# Is 'dog food' from the grocery off limits for Maltese?



## Sandykb (Jun 5, 2009)

Hi, I am a new Maltese mom. Lucy & Ricky came to me totally by 'accident' and I am really blessed. I have always had large dogs. I have a Golden Retriever- (Sunshine) and a mixed Black Lab (Zachaeaus-"Zack"). They eat Pedigree dry and can. I have never seen or heard of the foods I've seen in some of the posts. Help. The previous 'owners', fed them "kibbles n bits" and they did/do not seem healthy. A friend has Yorkies and feeds them Nutro dry and gave me some and I bought a can of I AMs at the Giant. They will only eat the dry if I put can with it and just do not seem interested in this dry food. There is a Petsmart within driving distance which is where my friend gets her food. Of course it is more expensive, but they do not eat nearly as much as the large boys. My cats are not even interested in the Iam cans-not that they are supposed to be, but when I add the pedigree can to Sunny n Zacks food its a fight keeping the cats back  - anyway, I appreciate all information you experienced Maltese folks have. I love them dearly and am so happy to have them! Thanks
Sandy, Lucy & Ricky


----------



## maltlover1953 (Sep 28, 2007)

QUOTE (Sandykb @ Jul 4 2009, 09:22 AM) index.php?act=findpost&pid=800802


> Hi, I am a new Maltese mom. Lucy & Ricky came to me totally by 'accident' and I am really blessed. I have always had large dogs. I have a Golden Retriever- (Sunshine) and a mixed Black Lab (Zachaeaus-"Zack"). They eat Pedigree dry and can. I have never seen or heard of the foods I've seen in some of the posts. Help. The previous 'owners', fed them "kibbles n bits" and they did/do not seem healthy. A friend has Yorkies and feeds them Nutro dry and gave me some and I bought a can of I AMs at the Giant. They will only eat the dry if I put can with it and just do not seem interested in this dry food. There is a Petsmart within driving distance which is where my friend gets her food. Of course it is more expensive, but they do not eat nearly as much as the large boys. My cats are not even interested in the Iam cans-not that they are supposed to be, but when I add the pedigree can to Sunny n Zacks food its a fight keeping the cats back  - anyway, I appreciate all information you experienced Maltese folks have. I love them dearly and am so happy to have them! Thanks
> Sandy, Lucy & Ricky[/B]


I feed Natural Balancw Duck and potato formula and mine does well on it. This is sold at Petco. If Petsmart doesn"t have it, ask a sales associat to recommend. Read labels and research online. Lots of luck to you.


----------



## Ladysmom (Oct 19, 2004)

Pet food from the grocery store should be "off limits' to all our furry friends, not just Maltese. It is made with the waste from the human food industry, the not-fit-for-human-consumption by-products.

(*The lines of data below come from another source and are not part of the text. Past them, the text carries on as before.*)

(* Let $N\geq3$ and let $(M,g)$ be an $N$-dimensional Riemannian model with pole $o$ and metric $ds^2=dr^2+\psi^2(r)\,d\omega^2$, where $\psi$ is a $C^\infty$ nonnegative function on $[0,+\infty)$, positive on $(0,+\infty)$, with $\psi'(0)=1$, $\psi^{(2k)}(0)=0$ for all $k\geq0$, and such that $\psi(r)=Ae^{br^{a+1}}$ for $r\geq R$, for some $R,A,b>0$ and $a\geq0$. Then for all $u\in C_c^\infty(M\setminus B_R(o))$, $$\int_M\Big(\frac{\partial u}{\partial r}\Big)^2dv_g\geq\Big(\frac{N-1}{2}\Big)^2(a+1)^2b^2\int_M r^{2a}u^2dv_g+\frac14\int_M\frac{u^2}{r^2}dv_g+\frac{2ba(a+1)(N-1)}{4}\int_M r^{a-1}u^2dv_g.$$
   Context: $d\omega^2$ is the standard metric on $\mathbb{S}^{N-1}$, $r$ the geodesic distance from $o$, $B_R(o)$ the geodesic ball of radius $R$ centered at $o$, $\frac{\partial u}{\partial r}$ the radial derivative, $dv_g$ the Riemannian volume. *)

theory Defs
  imports "HOL-Analysis.Analysis"
begin

text \<open>C-infinity functions on R^N: differentiable everywhere, and all first partial
  derivatives again C-infinity (coinductively), i.e. partial derivatives of all orders exist.\<close>
coinductive smooth_fun :: "(real^('n::finite) \<Rightarrow> real) \<Rightarrow> bool" where
  "(\<forall>x. u differentiable (at x)) \<Longrightarrow>
   (\<forall>i. smooth_fun (\<lambda>x. frechet_derivative u (at x) (axis i 1))) \<Longrightarrow> smooth_fun u"

definition smooth_halfline_derivs :: "(nat \<Rightarrow> real \<Rightarrow> real) \<Rightarrow> (real \<Rightarrow> real) \<Rightarrow> bool" where
  "smooth_halfline_derivs D \<psi> \<longleftrightarrow>
     (\<forall>x\<ge>0. D 0 x = \<psi> x) \<and>
     (\<forall>k. \<forall>x\<ge>0. (D k has_real_derivative D (Suc k) x) (at x within {0..}))"

text \<open>The Riemannian model with pole o and metric dr^2 + psi(r)^2 dw^2 is realised as R^N
  (normal polar coordinates at the pole o = 0): r(x) = norm x, the Riemannian volume is
  dv_g = (psi(r)/r)^(N-1) dx, and the radial derivative is the derivative along x / norm x.\<close>
definition model_density :: "(real \<Rightarrow> real) \<Rightarrow> real^('n::finite) \<Rightarrow> real" where
  "model_density \<psi> x = (\<psi> (norm x) / norm x) ^ (CARD('n) - 1)"

definition radial_deriv :: "(real^('n::finite) \<Rightarrow> real) \<Rightarrow> real^'n \<Rightarrow> real" where
  "radial_deriv u x = frechet_derivative u (at x) (x /\<^sub>R norm x)"

definition model_integral :: "(real \<Rightarrow> real) \<Rightarrow> (real^('n::finite) \<Rightarrow> real) \<Rightarrow> real" where
  "model_integral \<psi> f = (\<integral>x. f x * model_density \<psi> x \<partial>lborel)"

end

theory Submission
  imports Defs
begin

(* In normal polar coordinates the volume of the model is \<rho>(r) dx with \<rho> = (\<psi>/r)^(N-1), and on
   the support of u, which avoids B_R(o), \<rho> is the explicit function (A e^(b r^(a+1)) / r)^(N-1).

   For a radial multiplier F put g = F \<rho> / r and k = u^2 g(|x|). The Euler identity
   \<integral> x \<bullet> \<nabla>k = -N \<integral> k, obtained by differentiating \<integral> k(t x) dx = t^(-N) \<integral> k at t = 1, says that
   e + N k integrates to zero, where e = x \<bullet> \<nabla>k. Adding it to (\<partial>_r u)^2 \<rho> completes a square:
   (\<partial>_r u)^2 \<rho> + e + N k = \<rho> (\<partial>_r u + F u)^2 + W u^2 with
   W = (F' - F^2) \<rho> + F (\<rho>' + (N-1) \<rho> / r), so \<integral> (\<partial>_r u)^2 \<rho> \<ge> \<integral> W u^2.
   The choice F = (N-1)/2 b (a+1) r^a - 1/(2r) turns W into \<rho> times the three weights of the
   claim. *)

section \<open>Dilations and the Euler identity\<close>

lemma integrable_continuous_vanishing_outside:
  fixes f :: "'a::euclidean_space \<Rightarrow> 'b::{banach, second_countable_topology}"
  assumes "compact K" "continuous_on K f" "\<And>x. x \<notin> K \<Longrightarrow> f x = 0"
  shows "integrable lborel f"
proof -
  have "(\<lambda>x. indicator K x *\<^sub>R f x) = f"
    using assms(3) by (auto simp: indicator_def)
  then show ?thesis
    using borel_integrable_compact[OF assms(1,2)] by simp
qed

lemma integrable_dilation:
  fixes k :: "'a::euclidean_space \<Rightarrow> real"
  assumes k_cont: "continuous_on UNIV k" and k_supp: "\<And>x. B < norm x \<Longrightarrow> k x = 0"
    and c: "c > 0"
  shows "integrable lborel (\<lambda>x. k (c *\<^sub>R x))"
proof (rule integrable_continuous_vanishing_outside[of "cball 0 (B / c)"])
  show "continuous_on (cball 0 (B / c)) (\<lambda>x. k (c *\<^sub>R x))"
    by (intro continuous_on_compose2[OF k_cont] continuous_intros) auto
  show "k (c *\<^sub>R x) = 0" if "x \<notin> cball 0 (B / c)" for x
    using that c by (intro k_supp) (auto simp: field_simps)
qed simp

lemma lborel_integral_dilation:
  fixes k :: "'a::euclidean_space \<Rightarrow> real"
  assumes "c > 0" "k \<in> borel_measurable borel"
  shows "(\<integral>x. k (c *\<^sub>R x) \<partial>lborel) = (\<integral>x. k x \<partial>lborel) / c ^ DIM('a)"
proof -
  have "(\<integral>x. k x \<partial>lborel) = c ^ DIM('a) * (\<integral>x. k (c *\<^sub>R x) \<partial>lborel)"
    using assms by (subst lborel_affine[of c 0]) (auto simp: integral_density integral_distr)
  then show ?thesis
    using assms(1) by (simp add: field_simps)
qed

lemma DERIV_difference_quotient_sequence:
  fixes f :: "real \<Rightarrow> real"
  assumes "(f has_real_derivative f') (at x)" "h \<longlonglongrightarrow> 0" "\<And>j. h j \<noteq> 0"
  shows "(\<lambda>j. (f (x + h j) - f x) / h j) \<longlonglongrightarrow> f'"
proof -
  have "filterlim h (at 0) sequentially"
    using assms(2,3) by (intro filterlim_atI) auto
  with assms(1) show ?thesis
    unfolding DERIV_def using filterlim_compose by blast
qed

lemma DERIV_dilation:
  fixes k :: "'a::real_normed_vector \<Rightarrow> real"
  assumes euler: "\<And>x. ((\<lambda>t. k (t *\<^sub>R x)) has_real_derivative e x) (at 1)" and "\<mu> \<noteq> 0"
  shows "((\<lambda>t. k (t *\<^sub>R x)) has_real_derivative e (\<mu> *\<^sub>R x) / \<mu>) (at \<mu>)"
proof -
  have "((\<lambda>t. k (t *\<^sub>R (\<mu> *\<^sub>R x))) has_real_derivative e (\<mu> *\<^sub>R x)) (at (\<mu> / \<mu>))"
    using euler[of "\<mu> *\<^sub>R x"] \<open>\<mu> \<noteq> 0\<close> by (simp del: scaleR_scaleR)
  moreover have "((\<lambda>t. t / \<mu>) has_real_derivative 1 / \<mu>) (at \<mu>)"
    using \<open>\<mu> \<noteq> 0\<close> by (auto intro!: derivative_eq_intros)
  ultimately have "((\<lambda>t. k ((t / \<mu>) *\<^sub>R (\<mu> *\<^sub>R x))) has_real_derivative e (\<mu> *\<^sub>R x) * (1 / \<mu>)) (at \<mu>)"
    by (rule DERIV_chain2)
  then show ?thesis
    using \<open>\<mu> \<noteq> 0\<close> by simp
qed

http://www.bornfreeusa.org/facts.php?more=1&p=359


----------



## LJSquishy (Feb 27, 2008)

I would stay away from any food that can be purchased in a grocery store or Walmart. They are all extremely low quality food.

Petsmart really doesn't carry good food brands in most cases...I would say the "best" they carry is Blue Buffalo. If there is a Petco near you I would recommend that -- they carry a lot of high quality foods, like Natural Balance, Solid Gold, Wellness, etc. My two are on Natural Balance Sweet Potato & Venison.


----------



## I found nemo (Feb 23, 2006)

I also use Natural balance Duck & Potato for the last 3 years. Nemo has done very well on it. I wouldn't buy the food in the grocery store, it has to much junk in it, I feel.


----------



## Sandykb (Jun 5, 2009)

I feed Natural Balancw Duck and potato formula and mine does well on it. This is sold at Petco. If Petsmart doesn"t have it, ask a sales associat to recommend. Read labels and research online. Lots of luck to you.
[/QUOTE]

Thank you!!


----------



## Sandykb (Jun 5, 2009)

QUOTE (LadysMom @ Jul 4 2009, 09:50 AM) index.php?act=findpost&pid=800813


> Pet food from the grocery store should be "off limits' to all our furry friends, not just Maltese. It is made with the waste from the human food industry, the not-fit-for-human-consumption by-products.
> 
> http://www.bornfreeusa.org/facts.php?more=1&p=359[/B]


Thank you, so not to the Purina, Pedigree foods too I guess for my big guys... I really thought they were supposed to be 'better' but I guess not. Isn't it sad that so many many people are not aware of this..

Also, maybe I should as this elsewhere, but having the 2 of them, I sometimes pick them up one under each arm and then of course I am not 'hands free'. How do you manage this? I've seen the 'joey' kind of 'sling' and wonder if this would work? can 2 be in 1 or would I need 2 slings?? Or not a good idea at all?
Thanks
Sandy


----------



## Sugarbaby (May 21, 2008)

My vet told me to get Puriana Dog Chow if i didn't want to buy the food from the vets office which i never heard of..My sugar seems to do very well on this dog food..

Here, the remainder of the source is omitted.